Inna Heifetz (born 1961) is a classical pianist.

Heifetz was born in Odesa, Ukraine, and first performed in public at the age of six. Recital and concert tours have taken her to Italy, Austria, Switzerland, Germany and France. She has played many concerts in the United States, and has appeared as soloist with Ricercata de Paris, Musica Viva, the Liederkranz Orchestra of New York, the Liszt Festival Symphony Orchestra, the Boston University Symphony Orchestra, and others. Heifetz has won the First Prize in the Liederkranz Foundation Competition in New York, the First Prize in the Aaron Richmond Piano Competition in Boston, the Marie Baier Foundation Award and the gold medal in the Tape Recording Competition of the Piano Teachers Guild in New York.

Heifetz studied at the famous Stolyarsky School in Odesa, the New England Conservatory in Boston and Boston University.
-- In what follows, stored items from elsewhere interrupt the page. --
(* Let $\{\epsilon_n\}_{n\ge1}$ be a sequence of positive real numbers and $\{a_n\}_{n\ge1}\subset\mathbb C$. For a sequence $\{a'_n\}_{n\ge 1}\subset\mathbb C$ define rational functions $r_n\colon\overline{\mathbb C}\to\overline{\mathbb C}$ recursively by $r_0(z)=z$, $r_1(z)=\frac{\epsilon_1}{z-a'_1}$, and $$r_{n+2}(z)=r_n(z)+\frac{\epsilon_{n+2}}{r_{n+1}(z)-a'_{n+2}},\qquad n\ge0.$$ Then for every sequence $\{\eta_n\}_{n\ge1}$ of positive numbers there is a sequence $\{a'_n\}_{n\ge1}\subset\mathbb C$ with $|a'_n-a_n|<\eta_n$ for all $n$ such that, for the corresponding $r_n$: (i) for every $n\ge0$, $r_n$ and $r_{n+1}$ have no common pole, and $r_n^{-1}(\infty)\subsetneq r_{n+2}^{-1}(\infty)$; in particular $\infty$ is a pole of $r_n$ exactly when $n$ is even; (ii) for every $n\ge 0$, $r_n$ has exactly $k_n$ poles, all simple; consequently the equation $r_n(z)=a'_{n+1}$ has exactly $k_n$ solutions, all distinct.
   Context: $\{k_n\}_{n\ge0}$ denotes the Fibonacci sequence: $k_0=k_1=1$, $k_{n+2}=k_{n+1}+k_n$. Poles are counted in $\overline{\mathbb C}$ (including possibly $\infty$). *)

theory Defs
  imports Complex_Main "HOL-Computational_Algebra.Polynomial_Factorial" "HOL-Computational_Algebra.Fraction_Field"
begin

type_synonym ratfun = "complex poly fract"

text \<open>Points of the Riemann sphere: Some z is z in C, None is infinity.\<close>
type_synonym sphere = "complex option"

definition reduced_rep :: "ratfun \<Rightarrow> complex poly \<Rightarrow> complex poly \<Rightarrow> bool" where
  "reduced_rep f p q \<longleftrightarrow> q \<noteq> 0 \<and> coprime p q \<and> f = Fract p q"

definition poles :: "ratfun \<Rightarrow> sphere set" where
  "poles f = {w. \<exists>p q. reduced_rep f p q \<and>
      (case w of Some z \<Rightarrow> poly q z = 0 | None \<Rightarrow> degree q < degree p)}"

definition simple_pole :: "ratfun \<Rightarrow> sphere \<Rightarrow> bool" where
  "simple_pole f w \<longleftrightarrow> (\<exists>p q. reduced_rep f p q \<and>
      (case w of Some z \<Rightarrow> order z q = 1 | None \<Rightarrow> degree p = degree q + 1))"

definition eval_sphere :: "ratfun \<Rightarrow> sphere \<Rightarrow> sphere" where
  "eval_sphere f w = (SOME v. \<exists>p q. reduced_rep f p q \<and>
      v = (case w of
             Some z \<Rightarrow> (if poly q z = 0 then None else Some (poly p z / poly q z))
           | None \<Rightarrow> (if degree q < degree p then None
                      else if degree p < degree q then Some 0
                      else Some (lead_coeff p / lead_coeff q))))"

fun kfib :: "nat \<Rightarrow> nat" where
  "kfib 0 = 1"
| "kfib (Suc 0) = 1"
| "kfib (Suc (Suc n)) = kfib (Suc n) + kfib n"

text \<open>The recursively defined rational functions r_n (eps, a' indexed from 1).\<close>
fun rseq :: "(nat \<Rightarrow> real) \<Rightarrow> (nat \<Rightarrow> complex) \<Rightarrow> nat \<Rightarrow> ratfun" where
  "rseq e a 0 = Fract [:0, 1:] 1"
| "rseq e a (Suc 0) = Fract [:complex_of_real (e 1):] [:- a 1, 1:]"
| "rseq e a (Suc (Suc n)) =
     rseq e a n + Fract [:complex_of_real (e (n + 2)):] 1
                    / (rseq e a (Suc n) - Fract [:a (n + 2):] 1)"

end

theory Submission
  imports Defs "HOL-Computational_Algebra.Fundamental_Theorem_Algebra"
    "HOL-Computational_Algebra.Field_as_Ring" "HOL-Number_Theory.Fib"
begin

(* Write r_n = p_n / q_n in lowest terms and put r_{-1} = 0, so that the recursion also gives r_1.
   With s = p_{n+1} - a'_{n+2} q_{n+1} one gets
     r_{n+2} = (p_n s + \<epsilon>_{n+2} q_{n+1} q_n) / (q_n s),
   and this is again in lowest terms as long as s has no zero in common with q_n. Then the
   finite poles of r_{n+2} are those of r_n together with the zeros of s, and a degree count
   shows that r_{n+2} has a pole at infinity iff r_n has. So everything follows once s is
   squarefree, vanishes at no pole of r_n and has degree k_{n+1}; this holds as soon as a'_{n+2}
   is nonzero and avoids the finitely many critical values of r_{n+1} and the values of r_{n+1}
   at the poles of r_n. Such a value exists arbitrarily close to a_{n+2}, so a' can be chosen
   inductively. *)

lemma kfib_eq_fib: "kfib n = fib (Suc n)"
  by (induction n rule: kfib.induct) simp_all

lemma exists_close_point_not_in_finite:
  fixes a :: complex
  assumes "finite B" "r > 0"
  shows "\<exists>c. cmod (c - a) < r \<and> c \<notin> B"
proof -
  have "inj_on (\<lambda>t. a + of_real t) {0<..<r}" by (auto simp: inj_on_def)
  hence "infinite ((\<lambda>t. a + of_real t) ` {0<..<r})"
    using assms(2) by (simp add: finite_image_iff)
  hence "(\<lambda>t. a + of_real t) ` {0<..<r} - B \<noteq> {}"
    using Diff_infinite_finite[OF assms(1)] by (metis finite.emptyI)
  then obtain t where "t \<in> {0<..<r}" "a + of_real t \<notin> B" by blast
  thus ?thesis by (intro exI[of _ "a + of_real t"]) simp
qed

lemma coprime_poly_no_common_root:
  fixes p q :: "'a::field poly"
  assumes "coprime p q" "poly p z = 0"
  shows "poly q z \<noteq> 0"
proof
  assume "poly q z = 0"
  hence "[:-z, 1:] dvd p" "[:-z, 1:] dvd q" using assms(2) by (simp_all add: poly_eq_0_iff_dvd)
  hence "is_unit [:-z, 1:]" using assms(1) coprime_common_divisor by blast
  thus False by (simp add: is_unit_iff_degree)
qed

lemma coprime_iff_no_common_root:
  fixes p q :: "complex poly"
  shows "coprime p q \<longleftrightarrow> (\<forall>z. poly p z = 0 \<longrightarrow> poly q z \<noteq> 0)"
proof (intro iffI allI impI)
  show "poly q z \<noteq> 0" if "coprime p q" "poly p z = 0" for z
    using coprime_poly_no_common_root that .
next
  assume roots: "\<forall>z. poly p z = 0 \<longrightarrow> poly q z \<noteq> 0"
  show "coprime p q"
  proof (rule ccontr)
    assume "\<not> coprime p q"
    moreover have "gcd p q \<noteq> 0" using roots by auto
    ultimately have "degree (gcd p q) > 0" by (metis is_unit_gcd is_unit_iff_degree gr0I)
    then obtain z where "poly (gcd p q) z = 0" using alg_closed_imp_poly_has_root by blast
    moreover have "gcd p q dvd p" "gcd p q dvd q" by simp_all
    ultimately have "poly p z = 0" "poly q z = 0" by (metis dvd_trans poly_eq_0_iff_dvd)+
    with roots show False by blast
  qed
qed

lemma pencil_root_value:
  fixes p q :: "'a::field poly"
  assumes "coprime p q" "poly (p - smult c q) z = 0"
  shows "poly q z \<noteq> 0" and "c = poly p z / poly q z"
proof -
  have pz: "poly p z = c * poly q z" using assms(2) by simp
  show "poly q z \<noteq> 0"
    using coprime_poly_no_common_root[OF assms(1)] pz by force
  thus "c = poly p z / poly q z" using pz by simp
qed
She attended Tanglewood Institute where she was given the most promising performer award. Her teachers included Oxana Yablonskaya, Gary Graffman and Russell Sherman.

Heifetz records for Sonora Productions. Of her debut recording, of Lizst's Consolations, Mephisto Waltz No. 1, Hungarian Rhapsodies Nos. 6 and 12, Polish Songs Nos. 1-6, and Rigoletto Paraphrase, Donald Manildi wrote that Heifetz "offers earnest, well-schooled performances that may attract those who prefer a clear, ungimmicked treatment of Liszt's piano music."